● Work instruction
Only lines containing the word "Erase" belong in the answer; copy each one from the records.

● Information given
/---

(* Let $t\le n-2$, and let $P^{\mathit{fip}}$ be any implementation of the knowledge-based program $\mathbf P^1$ with respect to $\gamma_{\mathit{fip},n,t}$. Consider a failure-free run (no message is lost and every agent is nonfaulty). (a) If at least one agent has initial preference $0$, then all agents decide by round $2$, with each of $P^{\min}$ (in $\gamma_{\min,n,t}$), $P^{\mathit{basic}}$ (in $\gamma_{\mathit{basic},n,t}$) and $P^{\mathit{fip}}$ (in $\gamma_{\mathit{fip},n,t}$). (b) If all agents have initial preference $1$, then all agents decide by round $t+2$ with $P^{\min}$, and by round $2$ with $P^{\mathit{basic}}$ and with $P^{\mathit{fip}}$.
   Context: Agents and runs. There are $n$ agents $\mathit{Agt}=\{1,\ldots,n\}$; time is $m\in\mathbb N$, and round $m+1$ is the step from time $m$ to time $m+1$; agent $i$ decides $v$ in round $k$ if it performs $\mathtt{decide}_i(v)$ at time $k-1$. A failure pattern is a pair $(\mathcal N,F)$ with $\mathcal N\subseteq\mathit{Agt}$ (nonfaulty agents) and $F:\mathbb N\times\mathit{Agt}\times\mathit{Agt}\to\{0,1\}$, $F(m,i,j)=0$ meaning the round-$(m+1)$ message from $i$ to $j$ is lost. $SO(t)$ is the set of failure patterns with $|\mathit{Agt}\setminus\mathcal N|\le t$ and $F(m,i,j)=0\Rightarrow i\notin\mathcal N$. An action protocol maps each agent's local states to actions $\{\mathtt{decide}_i(0),\mathtt{decide}_i(1),\mathtt{noop}\}$; with an initial global state it determines a run: at each time each agent performs its action, sends its messages (lost ones replaced by $\bot$), and updates its state. $\mathcal I,(r,m)\models K_i\varphi$ iff $\varphi$ holds at all points $(r',m')$ with $r'_i(m')=r_i(m)$; $\bigcirc,\ominus$ are next/previous time. Minimal and basic contexts. $\gamma_{\min,n,t}$: failure model $SO(t)$; local states $\langle\mathit{time}_i,\mathit{init}_i,\mathit{decided}_i,\mathit{rd}_i\rangle$, initial states $\langle0,\mathit{init}_i,\bot,\bot\rangle$; an agent performing $\mathtt{decide}_i(v)$ sends $v$ to every agent, otherwise sends nothing; the transition increments $\mathit{time}_i$, sets $\mathit{decided}_i:=v$ on $\mathtt{decide}_i(v)$, and sets $\mathit{rd}_i$ to $0$ (resp. $1$) if in that round $i$ received $0$ (resp. $1$), else $\bot$. $\gamma_{\mathit{basic},n,t}$: as $\gamma_{\min,n,t}$ but with an extra component $\#1_i\in\{0,\ldots,n\}$ (initially $0$); an agent in state $\langle m,1,\bot,\bot,k\rangle$ performing $\mathtt{noop}$ sends $(\mathit{init},1)$ to every agent; $\#1_i$ is set to the number of $(\mathit{init},1)$ messages received in the round if $\mathit{decided}_i=\bot$ and $i$ receives no message $0$ or $1$ in that round, and to $0$ otherwise. $P^{\min}_i$: if $\mathit{decided}_i\ne\bot$ then $\mathtt{noop}$; else if $\mathit{init}_i=0$ or $\mathit{rd}_i=0$ then $\mathtt{decide}_i(0)$; else if $\mathit{time}_i=t+1$ then $\mathtt{decide}_i(1)$; else $\mathtt{noop}$. $P^{\mathit{basic}}_i$: if $\mathit{decided}_i\ne\bot$ then $\mathtt{noop}$; else if $\mathit{init}_i=0$ or $\mathit{rd}_i=0$ then $\mathtt{decide}_i(0)$; else if $\#1_i>n-\mathit{time}_i$ or $\mathit{rd}_i=1$ then $\mathtt{decide}_i(1)$; else $\mathtt{noop}$. Full-information context. $\gamma_{\mathit{fip},n,t}$ has failure model $SO(t)$; each agent's local state consists of its time, its initial preference $\mathit{init}_i$, and the complete record of all messages received; in every round every agent sends its entire local state to every agent regardless of its action. Given a protocol $P$, $\mathcal I_{\gamma_{\mathit{fip},n,t},P}$ is the system of its runs, with $\mathit{decided}_i=v$ true at $(r,m)$ iff $i$ decided $v$ in some round $\le m$ ($\bot$ if not yet), $\mathit{init}_i=v$ read from the state and $i\in\mathcal N$ iff $i\in\mathcal N(r)$. Abbreviations: $\exists v$ is $\bigvee_j\mathit{init}_j=v$; $\mathit{jdecided}_i=v$ is $\mathit{decided}_i=v\wedge\ominus(\mathit{decided}_i=\bot)$; $\mathit{deciding}_i=v$ is $\mathit{decided}_i=\bot\wedge\bigcirc(\mathit{decided}_i=v)$. A knowledge-based program has each $\mathbf P_i$ a nested if-then-else over actions with tests built from formulas $K_i\psi$ and local propositions; $P$ implements it if, in $\mathcal I_{\gamma_{\mathit{fip},n,t},P}$, $P_i(s)$ equals the action obtained by evaluating the tests at $s$, for every arising local state $s$. $E_{\mathcal N}\varphi$ holds at $(r,m)$ iff $K_j\varphi$ holds for all $j\in\mathcal N(r)$; $C_{\mathcal N}\varphi$ iff $E_{\mathcal N}^k\varphi$ for all $k\ge1$; $C_{\mathcal N}(\mathit{t\text{-}faulty}\wedge\varphi)$ abbreviates $\bigvee_{|A|=t}C_{\mathcal N}(\bigwedge_{i\in A}\neg(i\in\mathcal N)\wedge\varphi)$; $\mathit{no\text{-}decided}_{\mathcal N}(x)$ abbreviates $\bigwedge_{j\in\mathcal N}\neg(\mathit{decided}_j=x)$. $\mathbf P^1_i$: if $\mathit{decided}_i\ne\bot$ then $\mathtt{noop}$; else if $K_i(C_{\mathcal N}(\mathit{t\text{-}faulty}\wedge\mathit{no\text{-}decided}_{\mathcal N}(1)\wedge\exists0))$ then $\mathtt{decide}_i(0)$; else if $K_i(C_{\mathcal N}(\mathit{t\text{-}faulty}\wedge\mathit{no\text{-}decided}_{\mathcal N}(0)\wedge\exists1))$ then $\mathtt{decide}_i(1)$; else if $\mathit{init}_i=0\vee K_i(\bigvee_{j}\mathit{jdecided}_j=0)$ then $\mathtt{decide}_i(0)$; else if $K_i(\bigwedge_{j}\neg(\mathit{deciding}_j=0))$ then $\mathtt{decide}_i(1)$; else $\mathtt{noop}$. *)

theory Defs
  imports Main
begin

text \<open>Values are the naturals 0 and 1. A failure pattern
  is a pair (N, F); F m i j = True means the round-(m+1) message from i to j
  is delivered (the paper's F(m,i,j)=1), False means it is lost.\<close>

definition Agt :: "nat \<Rightarrow> nat set" where
  "Agt n = {1..n}"
theorem mainTheorem1:
  fixes UK U0 :: "(bool \<times> bool) qmat" and \<rho> :: "'r mem qmat"
  assumes "isometry_mat UK" and "\<forall>k. UK k (False, False) = 1 / 2"
    and "isometry_mat U0" and "\<forall>k. U0 k (False, False) = (if k = (False, False) then 1 else 0)"
    and "mixed_memory \<rho>"
  shows "sat ((Keygen UK U0 ;; Enc ;; Erase U0) \<rho>) (uniform_y :: ((('r mem \<times> bool) \<times> unit) qvec) set)"
proof -
  \<comment> \<open>Only the first columns of U_K and U_0 enter.\<close>
  have UK: "\<And>k. UK k zero2 = 1/2" and U0: "\<And>k. U0 k zero2 = (if k = zero2 then 1 else 0)"
    using assms(2,4) unfolding zero2_def by blast+
  let ?witness = "tensor_mat (ghost_state \<rho>) (\<lambda>(_::unit) _. 1)"
  have "mixed_memory ?witness"
    using assms(5) by (intro mixed_memory_tensor_unit mixed_memory_ghost_state)
  moreover have "separable_mm ?witness"
    using assms(5) by (intro separable_mm_tensor mixed_memory_ghost_state mixed_memory_unit)
  moreover have "ptrace (ptrace ?witness) = (Keygen UK U0 ;; Enc ;; Erase U0) \<rho>"
    by (simp add: ptrace_tensor_unit ptrace_ghost_state program_output[of UK U0, OF UK U0])
  ultimately show ?thesis
    unfolding sat_def using qsupp_ghost_state_tensor_unit[OF assms(5)] by blast
qed

end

\---

● Response area
  shows "sat ((Keygen UK U0 ;; Enc ;; Erase U0) \<rho>) (uniform_y :: ((('r mem \<times> bool) \<times> unit) qvec) set)"
  moreover have "ptrace (ptrace ?witness) = (Keygen UK U0 ;; Enc ;; Erase U0) \<rho>"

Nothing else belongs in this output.